4.2.2 DNA methylation
Various gene expression changes are induced in the immune system during pathogen infection, which involves regulating epigenetic mechanisms. For instance, DNA methylation, a kind of epigenetic modification, plays an important role in various biological processes (155). DNA methylation is a stable covalent cytosine modification in a cytosine-guanine dinucleotide (CpG) context, which in the genomes of vertebrates, are highly methylated but sparsely methylated in invertebrates (156). This genomic methylation is regulated by DNA methyltransferases (DNMTs), a key mechanism for controlling gene expression in various organisms (157, 158) (Figure 3). The oxidation of 5-methylcytosine (5mC) at CpG dinucleotides to form 5-hydroxymethylcytosine (5-hmC) serves as an epigenetic marker (159) because 5-hmC is enriched at the enhancers of most highly transcribed genes (160). Conversely, the promoters of highly expressed genes that are highly expressed are loss of CpG methylation and form CpG islands (161). Therefore, CpG islands are important for chromosome stability (162, 163).

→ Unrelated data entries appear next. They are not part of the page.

lemma rightward_cost_backward_le:
  assumes "K \<ge> 1" "\<bar>b\<bar> \<le> K" "\<bar>d\<bar> \<le> K" "\<bar>b - d\<bar> \<le> 1"
  shows "rightward_cost K \<omega> m d \<le> rightward_cost K \<omega> (Suc m) b + 1"
  using assms(2,1)
proof (cases rule: rightward_cost_SucE[where \<omega> = \<omega> and m = m])
  case (diagonal i)
  then show ?thesis
    using rightward_cost_lipschitz[OF assms(1) \<open>\<bar>i\<bar> \<le> K\<close> assms(3), of \<omega> m] assms(4) by linarith
next
  case horizontal
  then show ?thesis
    using rightward_cost_lipschitz[OF assms(1,2,3), of \<omega> m] assms(4) by linarith
qed

lemma open_stepE:
  assumes "open_step K \<omega> (a, b) (c, d)"
  obtains (vertical) "c = a" "\<bar>b - d\<bar> = 1" "edge_length (a, b) (c, d) = 1"
  | (diagonal) "\<bar>a - c\<bar> = 1" "\<bar>b - d\<bar> = 1" "edge_length (a, b) (c, d) = 2"
  | (horizontal) "d = b" "\<bar>a - c\<bar> = 1" "\<omega> (min a c, b)" "edge_length (a, b) (c, d) = 1"
  using assms
  unfolding open_step_def vertical_edge_def diagonal_edge_def horizontal_edge_def edge_length_def
  by auto

definition potential :: "int \<Rightarrow> config \<Rightarrow> vertex \<Rightarrow> int" where
  "potential K \<omega> v =
     (if fst v \<le> 0 then \<bar>fst v\<bar> + \<bar>snd v\<bar> else rightward_cost K \<omega> (nat (fst v)) (snd v))"

lemma potential_right_half: "0 \<le> a \<Longrightarrow> potential K \<omega> (a, b) = rightward_cost K \<omega> (nat a) b"
  by (auto simp: potential_def)

lemma potential_open_step:
  assumes K: "K \<ge> 1" and step: "open_step K \<omega> u v"
  shows "potential K \<omega> v \<le> potential K \<omega> u + int (edge_length u v)"
proof -
  obtain a b c d where uv: "u = (a, b)" "v = (c, d)"
    by fastforce
  have st: "open_step K \<omega> (a, b) (c, d)" and strip: "\<bar>b\<bar> \<le> K" "\<bar>d\<bar> \<le> K"
    using step uv by (auto simp: open_step_def in_strip_def)
  consider (left) "a \<le> 0" "c \<le> 0" | (same) "c = a" "a > 0"
    | (forward) "c = a + 1" "a \<ge> 0" | (backward) "a = c + 1" "c \<ge> 0"
    using st by (cases rule: open_stepE) arith+
  then show ?thesis
  proof cases
    case left
    from st show ?thesis
      by (cases rule: open_stepE) (use left uv in \<open>auto simp: potential_def\<close>)
  next
    case same
    from st show ?thesis
    proof (cases rule: open_stepE)
      case vertical
      then show ?thesis
        using rightward_cost_neighbour_le[OF K strip, of \<omega> "nat a"] same uv
        by (simp add: potential_right_half)
    qed (use same in auto)
  next
    case forward
    have Suc: "nat c = Suc (nat a)"
      using forward by simp
    from st show ?thesis
    proof (cases rule: open_stepE)
      case diagonal
      then show ?thesis
        using rightward_cost_diagonal_le[of b K d \<omega> "nat a"] strip forward uv Suc
        by (simp add: potential_right_half abs_minus_commute)
    next
      case horizontal
      then show ?thesis
        using rightward_cost_horizontal_le[of b K \<omega> "nat a"] strip forward uv Suc
        by (simp add: potential_right_half)
    qed (use forward in auto)
  next
    case backward
    have Suc: "nat a = Suc (nat c)"
      using backward by simp
    have "\<bar>b - d\<bar> \<le> 1" "edge_length (a, b) (c, d) \<ge> 1"
      using st by (cases rule: open_stepE; simp)+
    then show ?thesis
      using rightward_cost_backward_le[OF K strip, of \<omega> "nat c"] backward uv Suc
      by (simp add: potential_right_half)
  qed
qed

definition vertical_in_column_0 :: "vertex \<Rightarrow> vertex \<Rightarrow> bool" where
  "vertical_in_column_0 u v \<longleftrightarrow> (vertical_edge u v \<longrightarrow> fst u = 0 \<and> fst v = 0)"

lemma column_0_path_exists:
  assumes "\<bar>j\<bar> \<le> K"
  shows "\<exists>p. open_path K \<omega> (0, 0) (0, j) p \<and> path_length p = nat \<bar>j\<bar> \<and>
             successively vertical_in_column_0 p"
proof -
  have along: "\<exists>p. open_path K \<omega> (0, 0) (0, sgn j * int k) p \<and> path_length p = k \<and>
             successively vertical_in_column_0 p" if "int k \<le> \<bar>j\<bar>" for k
    using that
  proof (induction k)
    case 0
    show ?case
      using open_path_singleton path_length_singleton by fastforce
  next
    case (Suc k)
    then obtain p where p: "open_path K \<omega> (0, 0) (0, sgn j * int k) p" "path_length p = k"
      "successively vertical_in_column_0 p"
      by auto
    let ?v = "(0::int, sgn j * int (Suc k))"
    have "j \<noteq> 0"
      using Suc.prems by simp
    then have step: "open_step K \<omega> (0, sgn j * int k) ?v" "edge_length (0, sgn j * int k) ?v = 1"
      using Suc.prems assms
      by (auto simp: open_step_def in_strip_def vertical_edge_def edge_length_def
          diagonal_edge_def abs_mult sgn_if)
    have "p \<noteq> []" "last p = (0, sgn j * int k)"
      using p(1) by (auto simp: open_path_def)
    then show ?case
      using p step open_path_snoc[OF p(1) step(1)]
      by (intro exI[of _ "p @ [?v]"])
        (simp add: path_length_snoc successively_append_iff vertical_in_column_0_def)
  qed
  have "sgn j * int (nat \<bar>j\<bar>) = j"
    by (simp add: sgn_mult_abs)
  with along[of "nat \<bar>j\<bar>"] show ?thesis
    by simp
qed

lemma rightward_path_exists:
  assumes "K \<ge> 1" "\<bar>j\<bar> \<le> K"
  shows "\<exists>p. open_path K \<omega> (0, 0) (int m, j) p \<and> int (path_length p) = rightward_cost K \<omega> m j \<and>
             successively vertical_in_column_0 p"
  using assms(2)
proof (induction m arbitrary: j)
  case 0
  then show ?case
    using column_0_path_exists[of j K \<omega>] by auto
next
  case (Suc m)
  let ?v = "(int (Suc m), j)"
  have extend: "\<exists>p. open_path K \<omega> (0, 0) ?v p \<and>
                   int (path_length p) = rightward_cost K \<omega> m i + int (edge_length (int m, i) ?v) \<and>
                   successively vertical_in_column_0 p"
    if i: "\<bar>i\<bar> \<le> K" and last_step: "open_step K \<omega> (int m, i) ?v" for i
  proof -
    obtain p where p: "open_path K \<omega> (0, 0) (int m, i) p"
      "int (path_length p) = rightward_cost K \<omega> m i" "successively vertical_in_column_0 p"
      using Suc.IH[OF i] by blast
    have "p \<noteq> []" "last p = (int m, i)"
      using p(1) by (auto simp: open_path_def)
    then show ?thesis
      using p open_path_snoc[OF p(1) last_step]
      by (intro exI[of _ "p @ [?v]"])
        (simp add: path_length_snoc successively_append_iff vertical_in_column_0_def vertical_edge_def)
  qed
  from Suc.prems assms(1) show ?case
  proof (cases rule: rightward_cost_SucE[where \<omega> = \<omega> and m = m])
    case (diagonal i)
    then show ?thesis
      using extend[of i] Suc.prems
      by (simp add: open_step_def in_strip_def diagonal_edge_def edge_length_def abs_minus_commute)
  next
    case horizontal
    then show ?thesis
      using extend[of j] Suc.prems
      by (simp add: open_step_def in_strip_def horizontal_edge_def edge_length_def diagonal_edge_def)
  qed
qed

theorem lemma3:
  fixes K n :: int and \<omega> :: config
  assumes "K \<ge> 1" and "n \<ge> 0"
  shows "\<exists>p. open_path K \<omega> (0, 0) (n, 0) p \<and>
           (\<forall>q. open_path K \<omega> (0, 0) (n, 0) q \<longrightarrow> path_length p \<le> path_length q) \<and>
           (\<forall>i < length p - 1. vertical_edge (p ! i) (p ! Suc i) \<longrightarrow>
               fst (p ! i) = 0 \<and> fst (p ! Suc i) = 0)"
proof -
  obtain p where p: "open_path K \<omega> (0, 0) (n, 0) p"
    "int (path_length p) = rightward_cost K \<omega> (nat n) 0" "successively vertical_in_column_0 p"
    using rightward_path_exists[OF assms(1), of 0 \<omega> "nat n"] assms by auto
  have "path_length p \<le> path_length q" if "open_path K \<omega> (0, 0) (n, 0) q" for q
  proof -
    have "potential K \<omega> (n, 0) \<le> potential K \<omega> (0, 0) + int (path_length q)"
      using potential_le_path_length[OF potential_open_step[OF assms(1)] that] .
    then show ?thesis
      using p(2) assms(2) by (simp add: potential_right_half)
  qed
  moreover have "vertical_in_column_0 (p ! i) (p ! Suc i)" if "i < length p - 1" for i
    using p(3) that by (simp add: successively_conv_nth)
  ultimately show ?thesis
    using p(1) by (auto simp: vertical_in_column_0_def)
qed

end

In Drosophila melanogaster and Aedes aegypti, genomic hypermethylation caused by Wolbachia infection may be associated with the up-regulation of DNA methyltransferases (DNMTs) gene expression (116, 164, 165). Under these conditions, the cytosine-5 of the host insect DNMTs are induced under bacterial infection to affect the expression of antimicrobial peptides (AMPs) (166). In Drosophila, DNMTs are also required for antiviral innate immune responses (167). Since DNA hypermethylation has been linked to transcriptional silencing (163), it is a key and stable mechanism for repressing gene transcription (168), whereas hypomethylation may increase the transcript levels of genes (169). DNA methylation is a reversible process that can be reversed by Ten-eleven translocation enzymes (TET) when gene expression is active (170). Therefore, the interplay between TET proteins and DNMTs controls the DNA methylation landscape (Figure 3).

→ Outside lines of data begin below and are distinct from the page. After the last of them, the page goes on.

lemma sum_unit_mat:
  "(\<Sum>(i, j)\<in>S. unit_mat i j) = (\<chi> a b. indicator S (a, b) :: real^'v::finite^'v)"
proof -
  have "(\<Sum>(i, j)\<in>S. unit_mat i j) $ a $ b = (\<Sum>p\<in>S. if p = (a, b) then 1 else 0 :: real)" for a b
    by (simp add: case_prod_beta' unit_mat_index)
  then show ?thesis
    by (simp add: vec_eq_iff sum.delta'[OF finite] indicator_def)
qed

lemma unit_mat_square_zero: "k \<noteq> l \<Longrightarrow> unit_mat k l ** unit_mat k l = (0::real^'v::finite^'v)"
  by (auto simp: vec_eq_iff matrix_matrix_mult_def unit_mat_def intro!: sum.neutral)

lemma transpose_unit_mat: "transpose (unit_mat k l) = unit_mat l k"
  by (auto simp: vec_eq_iff transpose_def unit_mat_def)

fun param_support :: "'v param \<Rightarrow> ('v \<times> 'v) set" where
  "param_support (PLam k l) = {(k, l), (l, k)}"
| "param_support (POmDiag i) = {(i, i)}"
| "param_support (POmBi e) = {(i, j). i \<noteq> j \<and> e = {i, j}}"

lemma jac_col_identity:
  fixes \<theta> :: "'v::finite param"
  assumes "\<And>k l. \<theta> = PLam k l \<Longrightarrow> k \<noteq> l"
  shows "jac_col 0 (mat 1) \<theta> = (\<chi> a b. indicator (param_support \<theta>) (a, b))"
proof (cases \<theta>)
  case (PLam k l)
  with assms have "k \<noteq> l" by simp
  then have "jac_col 0 (mat 1) \<theta> = unit_mat l k + unit_mat k l"
    using PLam by (simp add: jac_col_identity_square_zero unit_mat_square_zero transpose_unit_mat)
  also have "\<dots> = (\<Sum>(i, j)\<in>{(k, l), (l, k)}. unit_mat i j)"
    using \<open>k \<noteq> l\<close> by simp
  finally show ?thesis
    using PLam by (simp add: sum_unit_mat)
next
  case (POmDiag i)
  then show ?thesis
    using sum_unit_mat[of "{(i, i)}"] by (simp add: jac_col_identity_square_zero)
next
  case (POmBi e)
  then show ?thesis
    by (simp add: jac_col_identity_square_zero sum_unit_mat)
qed

lemma sum_mult_indicator:
  fixes c :: "'p \<Rightarrow> real"
  assumes "finite P"
  shows "(\<Sum>p\<in>P. c p * indicator (S p) x) = sum c {p\<in>P. x \<in> S p}"
  unfolding sum.inter_filter[OF assms] by (rule sum.cong) (simp_all add: indicator_def)

lemma indicator_family_independent_iff_inj_on:
  fixes S :: "'p \<Rightarrow> 'i set"
  assumes "finite P" and nonempty: "\<And>p. p \<in> P \<Longrightarrow> S p \<noteq> {}"
    and equal_or_disjoint: "\<And>p q. p \<in> P \<Longrightarrow> q \<in> P \<Longrightarrow> S p \<inter> S q \<noteq> {} \<Longrightarrow> S p = S q"
  shows "(\<forall>c. (\<forall>x. (\<Sum>p\<in>P. c p * indicator (S p) x) = (0::real)) \<longrightarrow> (\<forall>p\<in>P. c p = 0))
    \<longleftrightarrow> inj_on S P" (is "?independent \<longleftrightarrow> _")
proof
  assume independent: ?independent
  show "inj_on S P"
  proof (rule inj_onI, rule ccontr)
    fix p q assume "p \<in> P" "q \<in> P" "S p = S q" "p \<noteq> q"
    define c :: "'p \<Rightarrow> real" where "c r = (if r = p then 1 else if r = q then -1 else 0)" for r
    have "(\<Sum>r\<in>P. c r * indicator (S r) x) = (\<Sum>r\<in>{p, q}. c r * indicator (S r) x)" for x
      using \<open>finite P\<close> \<open>p \<in> P\<close> \<open>q \<in> P\<close> by (intro sum.mono_neutral_right) (auto simp: c_def)
    also have "\<dots> x = indicator (S p) x - indicator (S q) x" for x
      using \<open>p \<noteq> q\<close> by (subst sum.insert) (auto simp: c_def)
    also have "\<dots> x = 0" for x
      using \<open>S p = S q\<close> by simp
    finally have "c p = 0"
      using independent \<open>p \<in> P\<close> by blast
    then show False
      by (simp add: c_def)
  qed
next
  assume "inj_on S P"
  show ?independent
  proof (intro allI impI ballI)
    fix c :: "'p \<Rightarrow> real" and p
    assume zero: "\<forall>x. (\<Sum>p\<in>P. c p * indicator (S p) x) = 0" and "p \<in> P"
    then obtain x where "x \<in> S p"
      using nonempty by blast
    have "{q \<in> P. x \<in> S q} = {p}"
      using \<open>x \<in> S p\<close> \<open>p \<in> P\<close> equal_or_disjoint inj_onD[OF \<open>inj_on S P\<close>] by blast
    then show "c p = 0"
      using zero sum_mult_indicator[OF \<open>finite P\<close>, of c S x] by simp
  qed
qed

The methylation of most DNAs in invertebrates is not in the intergenic regions (171, 172) but rather in genomic loci that match small RNAs in gene bodies, which are densely methylated, probably because they regulate the transcription and mRNA splicing of target genes (173). For instance, the DNA methylation in Apis mellifera controls the alternative splicing of mRNA and is involved in gene expression (174, 175). Pathogens may establish successful infection by manipulating the expression of host genes via DNA methylation. In Bombyx mori, cytoplasmic polyhedrosis virus infection may lead to hypermethylation of the p53-2 gene, suppressing its expression to facilitate the proliferation of infected cells (169).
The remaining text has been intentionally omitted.